• [WHAT YOU SHOULD DO]: Search the records for the string "monoD", then copy each line where it appears.
★ ★ ★ ★ ★
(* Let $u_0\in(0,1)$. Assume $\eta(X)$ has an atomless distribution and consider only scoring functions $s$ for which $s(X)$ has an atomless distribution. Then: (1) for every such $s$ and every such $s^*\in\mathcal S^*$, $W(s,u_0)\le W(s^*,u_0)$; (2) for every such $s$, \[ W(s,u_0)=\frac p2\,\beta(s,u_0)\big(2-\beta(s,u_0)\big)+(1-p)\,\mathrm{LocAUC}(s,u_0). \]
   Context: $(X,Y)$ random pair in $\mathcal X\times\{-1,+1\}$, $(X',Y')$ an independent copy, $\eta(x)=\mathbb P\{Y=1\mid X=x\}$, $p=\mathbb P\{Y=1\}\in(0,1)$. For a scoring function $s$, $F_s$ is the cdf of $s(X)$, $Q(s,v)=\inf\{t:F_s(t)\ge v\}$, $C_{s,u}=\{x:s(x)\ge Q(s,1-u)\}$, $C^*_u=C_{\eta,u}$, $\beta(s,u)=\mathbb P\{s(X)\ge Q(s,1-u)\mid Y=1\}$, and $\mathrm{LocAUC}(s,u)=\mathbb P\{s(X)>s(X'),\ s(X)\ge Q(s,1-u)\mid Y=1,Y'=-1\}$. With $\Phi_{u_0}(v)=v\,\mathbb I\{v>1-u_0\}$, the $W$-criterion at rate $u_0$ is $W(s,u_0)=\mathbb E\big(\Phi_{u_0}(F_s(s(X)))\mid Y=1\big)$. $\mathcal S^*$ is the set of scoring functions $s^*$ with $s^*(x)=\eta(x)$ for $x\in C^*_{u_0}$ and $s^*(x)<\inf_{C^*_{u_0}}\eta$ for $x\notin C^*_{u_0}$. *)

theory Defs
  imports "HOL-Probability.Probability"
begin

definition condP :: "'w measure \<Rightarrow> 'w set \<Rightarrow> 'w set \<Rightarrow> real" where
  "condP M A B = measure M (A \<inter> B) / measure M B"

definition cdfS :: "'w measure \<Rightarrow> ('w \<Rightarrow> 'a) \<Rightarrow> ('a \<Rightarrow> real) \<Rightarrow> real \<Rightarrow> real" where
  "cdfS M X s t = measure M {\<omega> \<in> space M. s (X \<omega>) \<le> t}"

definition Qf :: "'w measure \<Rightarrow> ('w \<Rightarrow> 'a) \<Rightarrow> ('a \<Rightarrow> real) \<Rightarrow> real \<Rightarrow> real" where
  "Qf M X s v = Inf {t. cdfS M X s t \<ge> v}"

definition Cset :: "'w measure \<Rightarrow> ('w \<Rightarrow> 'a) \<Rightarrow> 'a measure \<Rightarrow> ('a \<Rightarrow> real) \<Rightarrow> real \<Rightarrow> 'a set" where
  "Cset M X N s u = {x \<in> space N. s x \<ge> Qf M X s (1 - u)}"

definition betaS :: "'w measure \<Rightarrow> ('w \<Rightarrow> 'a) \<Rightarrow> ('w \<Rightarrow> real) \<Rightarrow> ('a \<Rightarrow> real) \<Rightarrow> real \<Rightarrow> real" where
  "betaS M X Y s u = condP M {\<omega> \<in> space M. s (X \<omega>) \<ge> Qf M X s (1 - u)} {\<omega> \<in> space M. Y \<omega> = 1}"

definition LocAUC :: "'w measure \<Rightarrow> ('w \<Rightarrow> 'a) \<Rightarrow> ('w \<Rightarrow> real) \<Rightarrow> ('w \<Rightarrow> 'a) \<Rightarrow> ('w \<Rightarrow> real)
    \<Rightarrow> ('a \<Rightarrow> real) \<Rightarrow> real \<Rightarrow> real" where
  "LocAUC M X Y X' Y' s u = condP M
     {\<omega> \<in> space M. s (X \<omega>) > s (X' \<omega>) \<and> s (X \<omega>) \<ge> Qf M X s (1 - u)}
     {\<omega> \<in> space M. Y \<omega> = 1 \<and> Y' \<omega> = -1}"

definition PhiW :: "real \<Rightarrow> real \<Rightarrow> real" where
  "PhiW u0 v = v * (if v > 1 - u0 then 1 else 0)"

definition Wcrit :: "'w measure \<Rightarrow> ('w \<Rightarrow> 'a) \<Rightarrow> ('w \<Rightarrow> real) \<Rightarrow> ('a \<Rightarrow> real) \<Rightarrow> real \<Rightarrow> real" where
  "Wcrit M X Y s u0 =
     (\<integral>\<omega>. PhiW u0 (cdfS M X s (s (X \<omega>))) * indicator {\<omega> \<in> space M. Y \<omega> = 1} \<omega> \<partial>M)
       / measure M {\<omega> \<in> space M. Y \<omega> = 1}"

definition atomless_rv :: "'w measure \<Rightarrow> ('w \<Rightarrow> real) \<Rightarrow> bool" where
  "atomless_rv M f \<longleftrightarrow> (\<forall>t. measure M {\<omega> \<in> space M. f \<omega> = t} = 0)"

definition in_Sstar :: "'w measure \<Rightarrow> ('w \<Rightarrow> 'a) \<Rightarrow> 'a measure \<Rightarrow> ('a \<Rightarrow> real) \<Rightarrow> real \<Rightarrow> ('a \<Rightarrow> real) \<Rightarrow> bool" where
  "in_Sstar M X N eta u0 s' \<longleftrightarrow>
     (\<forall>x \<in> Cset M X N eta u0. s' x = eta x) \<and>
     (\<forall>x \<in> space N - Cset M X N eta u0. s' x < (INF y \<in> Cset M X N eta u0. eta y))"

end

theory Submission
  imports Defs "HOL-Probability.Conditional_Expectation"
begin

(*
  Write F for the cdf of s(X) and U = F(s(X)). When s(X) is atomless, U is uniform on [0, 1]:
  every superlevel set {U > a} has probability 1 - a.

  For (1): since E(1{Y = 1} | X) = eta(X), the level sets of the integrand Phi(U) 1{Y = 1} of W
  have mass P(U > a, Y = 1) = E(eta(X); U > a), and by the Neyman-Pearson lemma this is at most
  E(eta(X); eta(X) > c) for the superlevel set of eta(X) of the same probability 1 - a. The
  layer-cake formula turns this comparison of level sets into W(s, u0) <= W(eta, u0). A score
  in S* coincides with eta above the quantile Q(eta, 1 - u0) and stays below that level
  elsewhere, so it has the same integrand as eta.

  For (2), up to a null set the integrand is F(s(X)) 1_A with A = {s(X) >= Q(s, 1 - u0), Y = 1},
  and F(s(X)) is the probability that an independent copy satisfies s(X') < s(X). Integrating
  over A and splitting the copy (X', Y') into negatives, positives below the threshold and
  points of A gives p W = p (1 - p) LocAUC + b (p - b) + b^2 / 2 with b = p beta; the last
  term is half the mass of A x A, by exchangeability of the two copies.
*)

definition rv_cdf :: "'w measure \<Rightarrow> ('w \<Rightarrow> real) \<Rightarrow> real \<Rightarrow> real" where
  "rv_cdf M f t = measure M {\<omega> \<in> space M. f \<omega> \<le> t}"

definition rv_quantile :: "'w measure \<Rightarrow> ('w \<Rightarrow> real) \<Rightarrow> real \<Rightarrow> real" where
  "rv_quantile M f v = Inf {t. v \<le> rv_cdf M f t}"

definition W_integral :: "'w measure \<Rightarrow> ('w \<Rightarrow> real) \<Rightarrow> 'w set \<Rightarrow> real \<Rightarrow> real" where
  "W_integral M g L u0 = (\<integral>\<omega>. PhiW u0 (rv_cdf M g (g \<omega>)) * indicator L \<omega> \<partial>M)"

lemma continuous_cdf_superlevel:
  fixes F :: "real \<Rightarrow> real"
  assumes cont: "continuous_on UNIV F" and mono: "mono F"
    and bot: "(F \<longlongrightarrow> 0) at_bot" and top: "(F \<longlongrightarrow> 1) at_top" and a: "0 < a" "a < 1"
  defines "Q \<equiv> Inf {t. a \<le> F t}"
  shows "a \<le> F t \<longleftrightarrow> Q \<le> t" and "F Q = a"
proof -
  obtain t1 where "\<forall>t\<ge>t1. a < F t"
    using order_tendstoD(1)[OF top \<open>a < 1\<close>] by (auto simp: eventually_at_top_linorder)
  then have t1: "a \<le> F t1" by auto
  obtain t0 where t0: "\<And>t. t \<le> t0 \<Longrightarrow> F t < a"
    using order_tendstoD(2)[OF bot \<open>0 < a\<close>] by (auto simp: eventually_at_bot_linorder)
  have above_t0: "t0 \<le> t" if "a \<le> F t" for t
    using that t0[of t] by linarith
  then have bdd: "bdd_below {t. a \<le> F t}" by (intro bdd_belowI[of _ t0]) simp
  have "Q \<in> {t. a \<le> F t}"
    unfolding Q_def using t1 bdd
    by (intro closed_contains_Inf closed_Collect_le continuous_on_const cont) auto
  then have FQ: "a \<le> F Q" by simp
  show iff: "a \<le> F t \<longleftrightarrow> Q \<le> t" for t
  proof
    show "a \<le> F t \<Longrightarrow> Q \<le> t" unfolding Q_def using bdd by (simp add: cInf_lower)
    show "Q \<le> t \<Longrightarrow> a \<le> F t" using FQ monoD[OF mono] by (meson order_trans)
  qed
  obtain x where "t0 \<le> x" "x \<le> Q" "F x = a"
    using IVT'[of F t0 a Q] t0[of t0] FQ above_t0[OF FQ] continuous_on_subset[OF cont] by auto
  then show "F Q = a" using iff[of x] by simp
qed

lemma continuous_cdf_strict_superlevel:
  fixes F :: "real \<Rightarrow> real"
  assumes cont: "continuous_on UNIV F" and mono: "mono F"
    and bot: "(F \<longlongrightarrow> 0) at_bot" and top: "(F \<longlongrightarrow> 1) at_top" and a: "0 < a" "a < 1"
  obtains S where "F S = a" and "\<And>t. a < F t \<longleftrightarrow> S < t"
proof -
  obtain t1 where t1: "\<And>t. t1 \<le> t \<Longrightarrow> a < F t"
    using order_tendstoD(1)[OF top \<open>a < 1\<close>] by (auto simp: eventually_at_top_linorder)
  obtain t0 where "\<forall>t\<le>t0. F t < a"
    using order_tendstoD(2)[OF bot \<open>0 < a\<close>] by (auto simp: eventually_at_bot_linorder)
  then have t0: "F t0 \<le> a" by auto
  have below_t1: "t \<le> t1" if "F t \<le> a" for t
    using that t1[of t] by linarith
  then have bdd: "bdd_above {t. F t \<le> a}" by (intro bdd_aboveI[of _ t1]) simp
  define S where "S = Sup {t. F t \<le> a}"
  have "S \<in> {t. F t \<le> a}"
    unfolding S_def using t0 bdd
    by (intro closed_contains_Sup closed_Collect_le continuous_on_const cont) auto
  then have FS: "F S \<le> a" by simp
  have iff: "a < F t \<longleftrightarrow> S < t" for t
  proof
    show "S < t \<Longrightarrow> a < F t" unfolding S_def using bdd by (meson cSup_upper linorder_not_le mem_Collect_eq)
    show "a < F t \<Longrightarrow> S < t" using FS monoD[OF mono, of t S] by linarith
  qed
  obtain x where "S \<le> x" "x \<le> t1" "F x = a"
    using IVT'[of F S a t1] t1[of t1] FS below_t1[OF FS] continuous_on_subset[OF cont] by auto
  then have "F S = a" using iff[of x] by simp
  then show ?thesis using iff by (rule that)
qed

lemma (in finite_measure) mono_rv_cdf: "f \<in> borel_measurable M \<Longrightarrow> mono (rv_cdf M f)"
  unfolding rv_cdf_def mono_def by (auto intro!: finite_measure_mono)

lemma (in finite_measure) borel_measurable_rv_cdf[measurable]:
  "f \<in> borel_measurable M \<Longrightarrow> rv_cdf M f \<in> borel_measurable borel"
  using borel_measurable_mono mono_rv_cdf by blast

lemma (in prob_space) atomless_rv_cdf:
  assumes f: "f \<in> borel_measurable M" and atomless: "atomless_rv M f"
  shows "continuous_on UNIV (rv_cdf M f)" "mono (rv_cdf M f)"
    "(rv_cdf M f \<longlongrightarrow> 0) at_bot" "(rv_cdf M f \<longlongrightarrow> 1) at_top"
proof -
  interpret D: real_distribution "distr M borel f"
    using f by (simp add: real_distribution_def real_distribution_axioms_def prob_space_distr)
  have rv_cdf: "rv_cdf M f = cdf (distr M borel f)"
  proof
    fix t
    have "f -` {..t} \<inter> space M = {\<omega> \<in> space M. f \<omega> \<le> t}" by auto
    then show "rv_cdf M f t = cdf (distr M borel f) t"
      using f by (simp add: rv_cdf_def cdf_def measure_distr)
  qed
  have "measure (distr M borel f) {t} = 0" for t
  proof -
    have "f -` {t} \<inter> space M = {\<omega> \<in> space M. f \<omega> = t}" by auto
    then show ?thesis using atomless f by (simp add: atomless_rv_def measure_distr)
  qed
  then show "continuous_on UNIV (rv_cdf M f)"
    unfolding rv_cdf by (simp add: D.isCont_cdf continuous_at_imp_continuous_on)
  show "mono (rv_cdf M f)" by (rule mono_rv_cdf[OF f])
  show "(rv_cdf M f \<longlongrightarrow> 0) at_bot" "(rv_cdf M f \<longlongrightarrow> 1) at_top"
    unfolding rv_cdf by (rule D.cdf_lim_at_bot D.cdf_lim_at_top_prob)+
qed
★ ★ ★ ★ ★
• [RESULT]:
    show "Q \<le> t \<Longrightarrow> a \<le> F t" using FQ monoD[OF mono] by (meson order_trans)
    show "a < F t \<Longrightarrow> S < t" using FS monoD[OF mono, of t S] by linarith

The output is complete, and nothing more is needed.